Streamfall: An experimental graph-based streamflow modelling system written in Julialang.

DOI

Aims of the project are to leverage the Julia language and ecosystem to support:

  • Quick application and exploratory analysis
  • Use of different rainfall-runoff models and their ensembles in tandem
  • Modelling and assessment of interacting systems
  • Parallel scenario runs

Streamfall now includes tentative implementations of GR4J, HyMod, IHACRES, and SYMHYD. The IHACRES rainfall-runoff model is implemented with ihacres_nim.

Graphs and MetaGraphs are used underneath for network traversal/analysis.

Development version of the documentation can be found here.

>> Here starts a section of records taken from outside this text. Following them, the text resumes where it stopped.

(* Let $G$ be a $2$-connected bipartite graph of order $n\ge 9$. Then ${\rm cc}(G)\ge 8$. Moreover, ${\rm cc}(G)=8$ if and only if $G\in\mathscr{F}_n$.
   Context: All graphs are finite and simple. A cummerbund of a graph is a longest cycle; ${\rm cc}(G)$ is the number of vertices of $G$ lying in at least one cummerbund. The family $\mathscr{F}_n=\{G_{1,n},\dots,G_{7,n}\}$ is defined as follows: start with an $8$-cycle $v_1v_2\cdots v_8v_1$, add a chord set $E_i$, and add $n-8$ new pairwise nonadjacent vertices each adjacent exactly to $v_1$ and $v_5$. The chord sets are: $E_1=\emptyset$; $E_2=\{v_1v_4\}$; $E_3=\{v_1v_4,v_1v_6\}$; $E_4=\{v_1v_4,v_2v_5\}$; $E_5=\{v_1v_4,v_5v_8\}$; $E_6=\{v_1v_4,v_1v_6,v_2v_5\}$; $E_7=\{v_1v_4,v_1v_6,v_2v_5,v_5v_8\}$. (Equivalently, $G_{i,9}$ is the order-$9$ graph with one added vertex $v$ adjacent to $v_1,v_5$, and $G_{i,n}$ is obtained from it by duplicating $v$ $n-9$ times, where duplicating $v$ means adding a new vertex with neighborhood $N(v)$.) *)

theory Defs
  imports Main
begin

definition simple_graph :: "'a set \<Rightarrow> ('a \<Rightarrow> 'a \<Rightarrow> bool) \<Rightarrow> bool" where
  "simple_graph V E \<longleftrightarrow> finite V \<and> (\<forall>x y. E x y \<longrightarrow> x \<in> V \<and> y \<in> V)
     \<and> (\<forall>x y. E x y \<longrightarrow> E y x) \<and> (\<forall>x. \<not> E x x)"

definition connected_on :: "'a set \<Rightarrow> ('a \<Rightarrow> 'a \<Rightarrow> bool) \<Rightarrow> bool" where
  "connected_on S E \<longleftrightarrow> S \<noteq> {} \<and>
     (\<forall>x\<in>S. \<forall>y\<in>S. (\<lambda>a b. E a b \<and> a \<in> S \<and> b \<in> S)\<^sup>*\<^sup>* x y)"

definition two_connected :: "'a set \<Rightarrow> ('a \<Rightarrow> 'a \<Rightarrow> bool) \<Rightarrow> bool" where
  "two_connected V E \<longleftrightarrow> card V \<ge> 3 \<and> connected_on V E \<and> (\<forall>v\<in>V. connected_on (V - {v}) E)"

definition bipartite :: "'a set \<Rightarrow> ('a \<Rightarrow> 'a \<Rightarrow> bool) \<Rightarrow> bool" where
  "bipartite V E \<longleftrightarrow> (\<exists>A. A \<subseteq> V \<and> (\<forall>x y. E x y \<longrightarrow> (x \<in> A \<longleftrightarrow> y \<notin> A)))"
text \<open>The outermost \<open>R\<close> keeps the orbit \<open>q t, q\<^sup>2 t, \<dots>\<close> inside the disc even for \<open>t = 1\<close>.\<close>

lemma Fop_Cons_sums_at_1:
  assumes q: "norm q < 1" and a: "0 < a"
  shows "nested_coeff (map (qweight q) ((s, a) # r)) sums Fop q ((s, a) # r) 1"
    and "summable (\<lambda>n. norm (nested_coeff (map (qweight q) ((s, a) # r)) n))"
proof -
  define G where "G = Ppow q (int s - int a) (\<lambda>t. yfun t * Fop q r t)"
  define C where "C n = (\<Sum>m<n. nested_coeff (map (qweight q) r) m) * (1 - q ^ n) powi (int a - int s)
    * (q ^ n / (1 - q ^ n)) ^ (a - 1)" for n
  have C: "disc_powser C ((Rop q ^^ (a - 1)) G)"
    unfolding C_def G_def by (rule disc_powser_Fop_layer[OF q disc_powser_Fop[OF q]])
  have C0: "C 0 = 0" by (simp add: C_def)
  have Fop: "Fop q ((s, a) # r) = Rop q ((Rop q ^^ (a - 1)) G)"
    using a by (cases a) (simp_all add: G_def)
  have coeff: "C n * q ^ (n * 1) / (1 - q ^ n) * 1 ^ n = nested_coeff (map (qweight q) ((s, a) # r)) n" for n
  proof -
    have "(q ^ n / (1 - q ^ n)) ^ a = (q ^ n / (1 - q ^ n)) ^ (a - 1) * (q ^ n / (1 - q ^ n))"
      using a power_Suc2[of "q ^ n / (1 - q ^ n)" "a - 1"] by simp
    then show ?thesis
      unfolding nested_coeff_qweight_Cons[OF q] by (simp add: C_def)
  qed
  have unit: "norm (1::complex) \<le> 1" "norm (q ^ 1 * 1) < 1" using q by simp_all
  show "nested_coeff (map (qweight q) ((s, a) # r)) sums Fop q ((s, a) # r) 1"
  proof -
    have "(\<Sum>k. ((Rop q ^^ (a - 1)) G) (q ^ (k + 1) * 1)) = Fop q ((s, a) # r) 1"
      unfolding Fop by (simp add: Rop_def)
    with orbit_sum_powser(1)[OF q C C0 unit] show ?thesis
      by (simp only: coeff)
  qed
  show "summable (\<lambda>n. norm (nested_coeff (map (qweight q) ((s, a) # r)) n))"
    using orbit_sum_powser(2)[OF q C C0 unit] by (simp only: coeff)
qed
lemma
  fixes \<sigma> :: "nat \<Rightarrow> complex"
  assumes g: "0 < g" and T: "2 * pi / g < T" and n0: "1 \<le> n0" "n0 \<le> n"
    and growth: "\<And>m. n0 \<le> m \<Longrightarrow> g * real m \<le> Re (\<sigma> m)"
    and separation: "\<And>m n. n0 \<le> m \<Longrightarrow> m \<le> n \<Longrightarrow> g * (real n - real m) \<le> Re (\<sigma> n) - Re (\<sigma> m)"
  defines "f1 \<equiv> \<lambda>m. if n0 \<le> m \<and> m \<noteq> n then cmod (K T (\<sigma> n - cnj (\<sigma> m))) else 0"
    and "f2 \<equiv> \<lambda>m. if n0 \<le> m then cmod (K T (\<sigma> n + \<sigma> m)) else 0"
  shows summable_norm_K_diff_cnj: "summable f1"
    and summable_norm_K_add: "summable f2"
    and suminf_norm_K_le: "suminf f1 + suminf f2
          \<le> 4 * pi / (T * g^2) * (1 + (\<Sum>m. 1 / (4 * (real (m + n0))^2 - 1)))"
proof -
  have Tg: "T * g > 2 * pi"
    using T g by (simp add: divide_less_eq mult.commute)
  have "0 < 2 * pi / g"
    using g by simp
  with T have "T > 0"
    by linarith
  define C where "C = 4 * pi / (T * g^2)"
  have "0 \<le> C"
    using \<open>T > 0\<close> by (simp add: C_def)
  have f1_le: "f1 m \<le> C / (4 * (real n - real m)^2 - 1)" if "m \<noteq> n" for m
  proof -
    have dist: "1 \<le> \<bar>real n - real m\<bar>"
      using that by linarith
    show ?thesis
    proof (cases "n0 \<le> m")
      case True
      have "g * \<bar>real n - real m\<bar> \<le> \<bar>Re (\<sigma> n) - Re (\<sigma> m)\<bar>"
      proof (cases "m \<le> n")
        case True
        then show ?thesis
          using separation[OF \<open>n0 \<le> m\<close> True] by simp
      next
        case False
        then show ?thesis
          using separation[OF \<open>n0 \<le> n\<close>, of m] by simp
      qed
      then have "cmod (K T (\<sigma> n - cnj (\<sigma> m))) \<le> 4 * pi / (T * g^2 * (4 * \<bar>real n - real m\<bar>^2 - 1))"
        using dist by (intro norm_K_le[OF \<open>T > 0\<close> Tg]) simp_all
      then show ?thesis
        using True that by (simp add: f1_def C_def)
    next
      case False
      have "0 \<le> C * (1 / (4 * (real n - real m)^2 - 1))"
        using \<open>0 \<le> C\<close> inverse_4sq_minus_1_nonneg[OF dist] by (rule mult_nonneg_nonneg)
      then show ?thesis
        using False by (simp add: f1_def)
    qed
  qed
  have f2_le: "f2 (m + n0) \<le> C * (1 / (4 * (real (m + n0))^2 - 1))" for m
  proof -
    have "1 \<le> real (m + n0)"
      using n0 by simp
    moreover have "0 \<le> g * real n"
      using g by simp
    then have "g * real (m + n0) \<le> \<bar>Re (\<sigma> n + \<sigma> (m + n0))\<bar>"
      using growth[OF \<open>n0 \<le> n\<close>] growth[of "m + n0"] by simp
    ultimately have "cmod (K T (\<sigma> n + \<sigma> (m + n0))) \<le> 4 * pi / (T * g^2 * (4 * (real (m + n0))^2 - 1))"
      by (rule norm_K_le[OF \<open>T > 0\<close> Tg])
    then show ?thesis
      by (simp add: f2_def C_def)
  qed
  have b: "summable (\<lambda>m. 1 / (4 * (real (m + n0))^2 - 1))"
    using n0(1) by (rule summable_inverse_4sq_minus_1_shift)
  show "summable f1"
    by (rule summable_of_le_inverse_4sq_dist[OF _ _ \<open>0 \<le> C\<close> f1_le]) (simp_all add: f1_def)
  show "summable f2"
    by (rule summable_of_shift_le[OF _ _ b f2_le]) (simp_all add: f2_def)
  have "suminf f1 \<le> C"
    by (rule suminf_le_of_le_inverse_4sq_dist[OF _ _ \<open>0 \<le> C\<close> f1_le]) (simp_all add: f1_def)
  moreover have "suminf f2 \<le> C * (\<Sum>m. 1 / (4 * (real (m + n0))^2 - 1))"
    by (rule suminf_le_of_shift_le[OF _ _ b f2_le]) (simp_all add: f2_def)
  ultimately show "suminf f1 + suminf f2 \<le> 4 * pi / (T * g^2) * (1 + (\<Sum>m. 1 / (4 * (real (m + n0))^2 - 1)))"
    unfolding C_def by (simp add: algebra_simps)
qed

theorem lemma5p4:
  fixes \<sigma> :: "nat \<Rightarrow> complex" and \<gamma> :: real
  assumes "\<gamma> > 0"
    and "liminf (\<lambda>n. ereal (Re (\<sigma> (Suc n)) - Re (\<sigma> n))) = ereal \<gamma>"
  shows "\<forall>\<epsilon>. 0 < \<epsilon> \<and> \<epsilon> < 1 \<longrightarrow>
    (\<exists>n0::nat. n0 \<ge> 1 \<and>
      (\<forall>T::real. T > 2 * pi / (\<gamma> * sqrt (1 - \<epsilon>)) \<longrightarrow>
        (\<forall>n\<ge>n0.
          summable (\<lambda>m. if n0 \<le> m \<and> m \<noteq> n then cmod (K T (\<sigma> n - cnj (\<sigma> m))) else 0) \<and>
          summable (\<lambda>m. if n0 \<le> m then cmod (K T (\<sigma> n + \<sigma> m)) else 0) \<and>
          (\<Sum>m. if n0 \<le> m \<and> m \<noteq> n then cmod (K T (\<sigma> n - cnj (\<sigma> m))) else 0)
          + (\<Sum>m. if n0 \<le> m then cmod (K T (\<sigma> n + \<sigma> m)) else 0)
          \<le> 4 * pi / (T * \<gamma>^2 * (1 - \<epsilon>)) *
             (1 + (\<Sum>m. 1 / (4 * (real (m + n0))^2 - 1))))))"
proof (intro allI impI, goal_cases)
  case (1 \<epsilon>)
  define g where "g = \<gamma> * sqrt (1 - \<epsilon>)"
  have g: "0 < g" "g < \<gamma>"
    using 1 \<open>\<gamma> > 0\<close> by (auto simp: g_def)
  have scale: "4 * pi / (T * \<gamma>^2 * (1 - \<epsilon>)) = 4 * pi / (T * g^2)" for T
    using 1 by (simp add: g_def power_mult_distrib mult.assoc)
  obtain n0 where n0: "1 \<le> n0" and growth: "\<And>m. n0 \<le> m \<Longrightarrow> g * real m \<le> Re (\<sigma> m)"
    and separation: "\<And>m n. n0 \<le> m \<Longrightarrow> m \<le> n \<Longrightarrow> g * (real n - real m) \<le> Re (\<sigma> n) - Re (\<sigma> m)"
    using linear_separation_of_liminf_increments[of g "\<lambda>n. Re (\<sigma> n)"] assms(2) g(2) by auto
  show ?case
    unfolding scale g_def[symmetric]
    using n0 summable_norm_K_diff_cnj[OF g(1) _ n0 _ growth separation]
      summable_norm_K_add[OF g(1) _ n0 _ growth separation]
      suminf_norm_K_le[OF g(1) _ n0 _ growth separation]
    by blast
qed

end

[NOTE] Streamfall is currently in its early stages and under active development. Although it is fairly usable for small networks and single node analyses, things may change drastically and unexpectedly.

Development

To build locally:

$ julia --project=.
julia>] build

To run tests:

julia>] test

Quick start (prep)

using YAML, DataFrames, CSV, Plots
using Statistics
using Streamfall, BlackBoxOptim


# Load observations
date_format = "YYYY-mm-dd"

# Load file which holds streamflow, precipitation and PET data
obs_data = CSV.File("example_data.csv",
                    comment="#",
                    dateformat=date_format) |> DataFrame

# Historic observations
Qo = obs_data[:, ["Date", "Gauge_Q"]]

# Create climate data interface (all climate data are expected to have a "Date" column)
climate_data = obs_data[:, ["Date", "Gauge_P", "Gauge_PET"]]
climate = Climate(climate_data, "_P", "_PET")

Quick start (single node)

# Create a node (node type, node_name, sub-catchment area)
hymod_node = create_node(SimpleHyModNode, "Gauge", 129.2)
# gr4j_node = create_node(GR4JNode, "Gauge", 129.2)
# ihacres_node = create_node(BilinearNode, "Gauge", 129.2)

# Calibrate a node for 30 seconds (uses the BlackBoxOptim package)
# Default metric used is RMSE
calibrate!(hymod_node, climate, Qo; MaxTime=30)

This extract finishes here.